§ **Directions for this task**
Would you please transcribe, exactly as written, the lines of the entries below starting at the one that holds "coefficients being nonzero" and ending at the one that holds "case u: True", both included?

§ **Supplied data**
definition prim_central_idem :: "('g, 'b) monoid_scheme \<Rightarrow> ('g \<Rightarrow> 'k::field) \<Rightarrow> bool" where
  "prim_central_idem G e \<longleftrightarrow> central_idem G e \<and> e \<noteq> (\<lambda>_. 0) \<and>
     \<not> (\<exists>f f'. central_idem G f \<and> central_idem G f' \<and> f \<noteq> (\<lambda>_. 0) \<and> f' \<noteq> (\<lambda>_. 0) \<and>
          gmul G f f' = (\<lambda>_. 0) \<and> e = gadd f f')"

(* ---------- the algebra H = k<kG, z | z^n = 0, z s = chi(s) s z>, realised on its
   normal-form basis { z^k s : 0 <= k < n, s in G };  a k s = coefficient of z^k s ---------- *)
definition hcarrier :: "('g, 'b) monoid_scheme \<Rightarrow> nat \<Rightarrow> (nat \<Rightarrow> 'g \<Rightarrow> 'k::field) set" where
  "hcarrier G n = {a. \<forall>k s. (n \<le> k \<or> s \<notin> carrier G) \<longrightarrow> a k s = 0}"

definition hadd :: "(nat \<Rightarrow> 'g \<Rightarrow> 'k::field) \<Rightarrow> (nat \<Rightarrow> 'g \<Rightarrow> 'k) \<Rightarrow> (nat \<Rightarrow> 'g \<Rightarrow> 'k)" where
  "hadd a b = (\<lambda>k s. a k s + b k s)"

(* (z^k s)(z^l t) = chi(s)^(-l) z^(k+l) (s t), and z^m = 0 for m >= n *)
definition hmul :: "('g, 'b) monoid_scheme \<Rightarrow> ('g \<Rightarrow> 'k::field) \<Rightarrow> nat \<Rightarrow>
    (nat \<Rightarrow> 'g \<Rightarrow> 'k) \<Rightarrow> (nat \<Rightarrow> 'g \<Rightarrow> 'k) \<Rightarrow> (nat \<Rightarrow> 'g \<Rightarrow> 'k)" where
  "hmul G chi n a b = (\<lambda>c u. if c < n \<and> u \<in> carrier G then
      (\<Sum>k\<in>{..c}. \<Sum>s\<in>carrier G.
          a k s * b (c - k) (inv\<^bsub>G\<^esub> s \<otimes>\<^bsub>G\<^esub> u) * inverse (chi s) ^ (c - k))
      else 0)"

definition hG :: "('g, 'b) monoid_scheme \<Rightarrow> ('g \<Rightarrow> 'k::field) \<Rightarrow> (nat \<Rightarrow> 'g \<Rightarrow> 'k)" where
  "hG G x = (\<lambda>k s. if k = 0 \<and> s \<in> carrier G then x s else 0)"

definition hz :: "('g, 'b) monoid_scheme \<Rightarrow> nat \<Rightarrow> nat \<Rightarrow> (nat \<Rightarrow> 'g \<Rightarrow> 'k::field)" where
  "hz G n l = (\<lambda>k s. if k = l \<and> l < n \<and> s = \<one>\<^bsub>G\<^esub> then 1 else 0)"

definition is_hideal :: "('g, 'b) monoid_scheme \<Rightarrow> ('g \<Rightarrow> 'k::field) \<Rightarrow> nat \<Rightarrow>
    (nat \<Rightarrow> 'g \<Rightarrow> 'k) set \<Rightarrow> bool" where
  "is_hideal G chi n I \<longleftrightarrow> I \<subseteq> hcarrier G n \<and> (\<lambda>_ _. 0) \<in> I \<and>
     (\<forall>a\<in>I. \<forall>b\<in>I. hadd a b \<in> I) \<and>
     (\<forall>a\<in>I. \<forall>x\<in>hcarrier G n. hmul G chi n x a \<in> I \<and> hmul G chi n a x \<in> I)"

definition hideal_gen :: "('g, 'b) monoid_scheme \<Rightarrow> ('g \<Rightarrow> 'k::field) \<Rightarrow> nat \<Rightarrow>
    (nat \<Rightarrow> 'g \<Rightarrow> 'k) \<Rightarrow> (nat \<Rightarrow> 'g \<Rightarrow> 'k) set" where
  "hideal_gen G chi n a = \<Inter>{I. is_hideal G chi n I \<and> a \<in> I}"

definition zsum :: "('g, 'b) monoid_scheme \<Rightarrow> ('g \<Rightarrow> 'k::field) \<Rightarrow> nat \<Rightarrow> nat \<Rightarrow>
    (nat \<Rightarrow> 'g \<Rightarrow> 'k) \<Rightarrow> nat \<Rightarrow> (nat \<Rightarrow> nat) \<Rightarrow> (nat \<Rightarrow> nat \<Rightarrow> 'k) \<Rightarrow> (nat \<Rightarrow> 'g \<Rightarrow> 'k)" where
  "zsum G chi n p e t l \<alpha> = (\<lambda>k s. \<Sum>j\<in>{1..t}.
      hmul G chi n (hz G n (l j)) (hG G (\<lambda>u. \<Sum>i<p. \<alpha> j i * e i u)) k s)"

end

theory Submission
  imports Defs
begin

(*
  For d < n and a central element E of kG, the elements x of H with x_k = 0 for k < d and
  x_d E = x_d (x_k being the kG-coefficient of z^k) form a two-sided ideal S(d, E), called
  lead_ideal below: multiplying from the left only twists the degree-0 coefficient of the
  other factor by powers of chi, which keeps it in kG, and from the right E commutes past it.
  Since the alpha^(t)_i are 0 or 1, E_alpha = sum_i alpha^(t)_i e_i is a central idempotent, so
  the left generator lies in S(l_t, E_alpha); hence so does the ideal it generates, in particular
  the right generator. Symmetrically the left generator lies in S(m_r, E_beta). The leading
  coefficients being nonzero forces l_t = m_r, and then E_alpha = E_alpha E_beta = E_beta E_alpha
  = E_beta; multiplying by e_i recovers the coefficients, distinct primitive central idempotents
  being orthogonal.
*)

lemma sum_eq_single_nonzero:
  assumes "finite A" "a \<in> A" "\<And>k. k \<in> A \<Longrightarrow> k \<noteq> a \<Longrightarrow> f k = 0"
  shows "sum f A = f a"
proof -
  have "sum f A = f a + sum f (A - {a})" using assms by (simp add: sum.remove)
  also have "sum f (A - {a}) = 0" using assms by (intro sum.neutral) auto
  finally show ?thesis by simp
qed

lemma (in group) gmul_assoc: "gmul G (gmul G x y) z = gmul G x (gmul G y z)"
proof (rule ext)
  fix u show "gmul G (gmul G x y) z u = gmul G x (gmul G y z) u"
  proof (cases "u \<in> carrier G")
    case u: True
    have "gmul G (gmul G x y) z u = (\<Sum>w\<in>carrier G. (\<Sum>s\<in>carrier G. x s * y (inv s \<otimes> w)) * z (inv w \<otimes> u))"
      using u by (auto simp: gmul_def intro!: sum.cong)
    also have "\<dots> = (\<Sum>s\<in>carrier G. \<Sum>w\<in>carrier G. x s * y (inv s \<otimes> w) * z (inv w \<otimes> u))"
      unfolding sum_distrib_right by (rule sum.swap)
    also have "\<dots> = (\<Sum>s\<in>carrier G. \<Sum>t\<in>carrier G. x s * y t * z (inv t \<otimes> (inv s \<otimes> u)))"
    proof (rule sum.cong[OF refl])
      fix s assume s: "s \<in> carrier G"
      show "(\<Sum>w\<in>carrier G. x s * y (inv s \<otimes> w) * z (inv w \<otimes> u))
          = (\<Sum>t\<in>carrier G. x s * y t * z (inv t \<otimes> (inv s \<otimes> u)))"
      proof (rule sum.reindex_bij_witness[where i="\<lambda>t. s \<otimes> t" and j="\<lambda>w. inv s \<otimes> w"])
        fix w assume w: "w \<in> carrier G"
        have "s \<otimes> (inv s \<otimes> u) = u" using s u by (simp add: m_assoc[symmetric])
        then have "inv (inv s \<otimes> w) \<otimes> (inv s \<otimes> u) = inv w \<otimes> u"
          using s w u by (simp add: inv_mult_group m_assoc)
        then show "x s * y (inv s \<otimes> w) * z (inv (inv s \<otimes> w) \<otimes> (inv s \<otimes> u))
            = x s * y (inv s \<otimes> w) * z (inv w \<otimes> u)"
          by simp
      qed (use s in \<open>simp_all add: m_assoc[symmetric]\<close>)
    qed
    also have "\<dots> = gmul G x (gmul G y z) u"
      using u by (simp add: gmul_def sum_distrib_left mult.assoc)
    finally show ?thesis .
  qed (simp add: gmul_def)
qed

lemma gmul_in_gcarrier: "gmul G x y \<in> gcarrier G"
  by (simp add: gmul_def gcarrier_def)

lemma gmul_zero_left: "gmul G (\<lambda>_. 0) y = (\<lambda>_. 0)"
  unfolding gmul_def by (simp only: mult_zero_left sum.neutral_const if_cancel)

lemma gmul_add_left: "gmul G (\<lambda>u. x u + y u) z = (\<lambda>u. gmul G x z u + gmul G y z u)"
  by (auto simp: gmul_def algebra_simps sum.distrib)

lemma gmul_diff_left: "gmul G (\<lambda>u. x u - y u) z = (\<lambda>u. gmul G x z u - gmul G y z u)"
  by (auto simp: gmul_def algebra_simps sum_subtractf)

lemma gmul_diff_right: "gmul G x (\<lambda>u. y u - z u) = (\<lambda>u. gmul G x y u - gmul G x z u)"
  by (auto simp: gmul_def algebra_simps sum_subtractf)

lemma gmul_sum_left:
  "gmul G (\<lambda>u. \<Sum>i\<in>I. c i * f i u) y = (\<lambda>u. \<Sum>i\<in>I. c i * gmul G (f i) y u)"
proof (rule ext)
  fix u
  have "(\<Sum>s\<in>carrier G. (\<Sum>i\<in>I. c i * f i s) * y (inv\<^bsub>G\<^esub> s \<otimes>\<^bsub>G\<^esub> u))
      = (\<Sum>i\<in>I. c i * (\<Sum>s\<in>carrier G. f i s * y (inv\<^bsub>G\<^esub> s \<otimes>\<^bsub>G\<^esub> u)))"
    by (simp add: sum_distrib_left sum_distrib_right mult.assoc sum.swap[of _ "carrier G"])
  then show "gmul G (\<lambda>u. \<Sum>i\<in>I. c i * f i u) y u = (\<Sum>i\<in>I. c i * gmul G (f i) y u)"
    by (simp add: gmul_def)
qed

lemma gmul_sum_right:
  "gmul G x (\<lambda>u. \<Sum>i\<in>I. c i * f i u) = (\<lambda>u. \<Sum>i\<in>I. c i * gmul G x (f i) u)"
proof (rule ext)
  fix u
  have "(\<Sum>s\<in>carrier G. x s * (\<Sum>i\<in>I. c i * f i (inv\<^bsub>G\<^esub> s \<otimes>\<^bsub>G\<^esub> u)))
      = (\<Sum>i\<in>I. c i * (\<Sum>s\<in>carrier G. x s * f i (inv\<^bsub>G\<^esub> s \<otimes>\<^bsub>G\<^esub> u)))"
    by (simp add: sum_distrib_left mult.left_commute sum.swap[of _ "carrier G"])
  then show "gmul G x (\<lambda>u. \<Sum>i\<in>I. c i * f i u) u = (\<Sum>i\<in>I. c i * gmul G x (f i) u)"
    by (simp add: gmul_def)
qed

lemma prim_central_idemD:
  assumes "prim_central_idem G e"
  shows "e \<in> gcarrier G" "gmul G e e = e" "\<And>x. x \<in> gcarrier G \<Longrightarrow> gmul G e x = gmul G x e"
    "e \<noteq> (\<lambda>_. 0)"
  using assms unfolding prim_central_idem_def central_idem_def by blast+

lemma (in group) central_idem_gmul:
  fixes e f :: "'a \<Rightarrow> 'k::field"
  assumes e: "central_idem G e" and f: "central_idem G f"
  shows "central_idem G (gmul G e f)"
  unfolding central_idem_def
proof (intro conjI ballI)
  have ee: "gmul G e e = e" and ec: "\<And>x. x \<in> gcarrier G \<Longrightarrow> gmul G e x = gmul G x e"
    using e by (auto simp: central_idem_def)
  have ff: "gmul G f f = f" and fc: "\<And>x. x \<in> gcarrier G \<Longrightarrow> gmul G f x = gmul G x f"
    using f by (auto simp: central_idem_def)
  have ef: "gmul G e f = gmul G f e" using ec f by (simp add: central_idem_def)
  show "gmul G e f \<in> gcarrier G" by (rule gmul_in_gcarrier)
  have "gmul G (gmul G e f) (gmul G e f) = gmul G e (gmul G (gmul G f e) f)"
    by (simp only: gmul_assoc)
  also have "\<dots> = gmul G (gmul G e e) (gmul G f f)"
    by (simp only: ef[symmetric]) (simp only: gmul_assoc)
  finally show "gmul G (gmul G e f) (gmul G e f) = gmul G e f" by (simp only: ee ff)
  fix x :: "'a \<Rightarrow> 'k" assume x: "x \<in> gcarrier G"
  have "gmul G (gmul G e f) x = gmul G e (gmul G x f)" by (simp only: gmul_assoc fc[OF x])
  also have "\<dots> = gmul G (gmul G x e) f" by (simp only: gmul_assoc[symmetric] ec[OF x])
  finally show "gmul G (gmul G e f) x = gmul G x (gmul G e f)" by (simp only: gmul_assoc)
qed

lemma (in group) prim_central_idem_absorbs:
  assumes a: "prim_central_idem G a" and h: "central_idem G h" "h \<noteq> (\<lambda>_. 0)"
    and ah: "gmul G a h = h"
  shows "a = h"
proof -
  have aa: "gmul G a a = a" and ac: "\<And>x. x \<in> gcarrier G \<Longrightarrow> gmul G a x = gmul G x a"
    and a_carrier: "a \<in> gcarrier G"
    using prim_central_idemD[OF a] by blast+
  have hh: "gmul G h h = h" and hc: "\<And>x. x \<in> gcarrier G \<Longrightarrow> gmul G h x = gmul G x h"
    and h_carrier: "h \<in> gcarrier G"
    using h by (auto simp: central_idem_def)
  have ha: "gmul G h a = h" using ah hc[OF a_carrier] by simp
  define h' where "h' = (\<lambda>u. a u - h u)"
  have "central_idem G h'"
    unfolding central_idem_def
  proof (intro conjI ballI)
    show "h' \<in> gcarrier G" using a_carrier h_carrier by (auto simp: h'_def gcarrier_def)
    show "gmul G h' h' = h'"
      unfolding h'_def by (simp only: gmul_diff_left gmul_diff_right aa ah ha hh diff_self diff_zero)
    show "gmul G h' x = gmul G x h'" if "x \<in> gcarrier G" for x
      unfolding h'_def gmul_diff_left gmul_diff_right using ac[OF that] hc[OF that] by simp
  qed
  moreover have "gmul G h h' = (\<lambda>_. 0)" unfolding h'_def gmul_diff_right using ha hh by simp
  moreover have "a = gadd h h'" by (simp add: gadd_def h'_def)
  ultimately have "h' = (\<lambda>_. 0)"
    using a h unfolding prim_central_idem_def by blast
  then show ?thesis by (simp add: h'_def fun_eq_iff)
qed

lemma (in group) prim_central_idem_orthogonal:
  assumes e: "prim_central_idem G e" and f: "prim_central_idem G f" and "e \<noteq> f"
  shows "gmul G e f = (\<lambda>_. 0)"
proof (rule ccontr)
  let ?h = "gmul G e f"
  assume h_nonzero: "?h \<noteq> (\<lambda>_. 0)"
  have h: "central_idem G ?h"
    using e f by (intro central_idem_gmul) (simp_all add: prim_central_idem_def)
  have "gmul G e ?h = ?h" by (simp only: gmul_assoc[symmetric] prim_central_idemD(2)[OF e])
  then have "e = ?h" by (rule prim_central_idem_absorbs[OF e h h_nonzero])
  have "?h = gmul G f e" using prim_central_idemD(3)[OF e prim_central_idemD(1)[OF f]] .
  then have "gmul G f ?h = ?h" by (simp only: gmul_assoc[symmetric] prim_central_idemD(2)[OF f])
  then have "f = ?h" by (rule prim_central_idem_absorbs[OF f h h_nonzero])
  with \<open>e = ?h\<close> \<open>e \<noteq> f\<close> show False by simp
qed

definition idem_lincomb :: "nat \<Rightarrow> (nat \<Rightarrow> 'g \<Rightarrow> 'k::field) \<Rightarrow> (nat \<Rightarrow> 'k) \<Rightarrow> 'g \<Rightarrow> 'k" where
  "idem_lincomb p e a = (\<lambda>u. \<Sum>i<p. a i * e i u)"

lemma idem_lincomb_in_gcarrier:
  assumes "\<forall>i<p. e i \<in> gcarrier G"
  shows "idem_lincomb p e a \<in> gcarrier G"
  using assms by (auto simp: idem_lincomb_def gcarrier_def)

lemma (in group) idem_lincomb_central:
  assumes prim: "\<forall>i<p. prim_central_idem G (e i)" and x: "x \<in> gcarrier G"
  shows "gmul G (idem_lincomb p e a) x = gmul G x (idem_lincomb p e a)"
proof -
  have "gmul G (e i) x = gmul G x (e i)" if "i < p" for i
    using prim that x prim_central_idemD(3) by blast
  then show ?thesis
    unfolding idem_lincomb_def gmul_sum_left gmul_sum_right by simp
qed

lemma (in group) idem_lincomb_gmul_idem:
  assumes prim: "\<forall>i<p. prim_central_idem G (e i)" and inj: "inj_on e {..<p}" and k: "k < p"
  shows "gmul G (idem_lincomb p e a) (e k) = (\<lambda>u. a k * e k u)"
proof (rule ext)
  fix u
  have "a i * gmul G (e i) (e k) u = 0" if "i < p" "i \<noteq> k" for i
  proof -
    have "e i \<noteq> e k" using inj_onD[OF inj] that k by blast
    then have "gmul G (e i) (e k) = (\<lambda>_. 0)"
      using prim_central_idem_orthogonal prim that k by blast
    then show ?thesis by simp
  qed
  then have "(\<Sum>i<p. a i * gmul G (e i) (e k) u) = a k * gmul G (e k) (e k) u"
    using k by (intro sum_eq_single_nonzero) auto
  moreover have "gmul G (e k) (e k) = e k" using prim_central_idemD(2) prim k by blast
  ultimately show "gmul G (idem_lincomb p e a) (e k) u = a k * e k u"
    by (simp add: idem_lincomb_def gmul_sum_left)
qed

§ **Result of this task**
  coefficients being nonzero forces l_t = m_r, and then E_alpha = E_alpha E_beta = E_beta E_alpha
  = E_beta; multiplying by e_i recovers the coefficients, distinct primitive central idempotents
  being orthogonal.
*)

lemma sum_eq_single_nonzero:
  assumes "finite A" "a \<in> A" "\<And>k. k \<in> A \<Longrightarrow> k \<noteq> a \<Longrightarrow> f k = 0"
  shows "sum f A = f a"
proof -
  have "sum f A = f a + sum f (A - {a})" using assms by (simp add: sum.remove)
  also have "sum f (A - {a}) = 0" using assms by (intro sum.neutral) auto
  finally show ?thesis by simp
qed

lemma (in group) gmul_assoc: "gmul G (gmul G x y) z = gmul G x (gmul G y z)"
proof (rule ext)
  fix u show "gmul G (gmul G x y) z u = gmul G x (gmul G y z) u"
  proof (cases "u \<in> carrier G")
    case u: True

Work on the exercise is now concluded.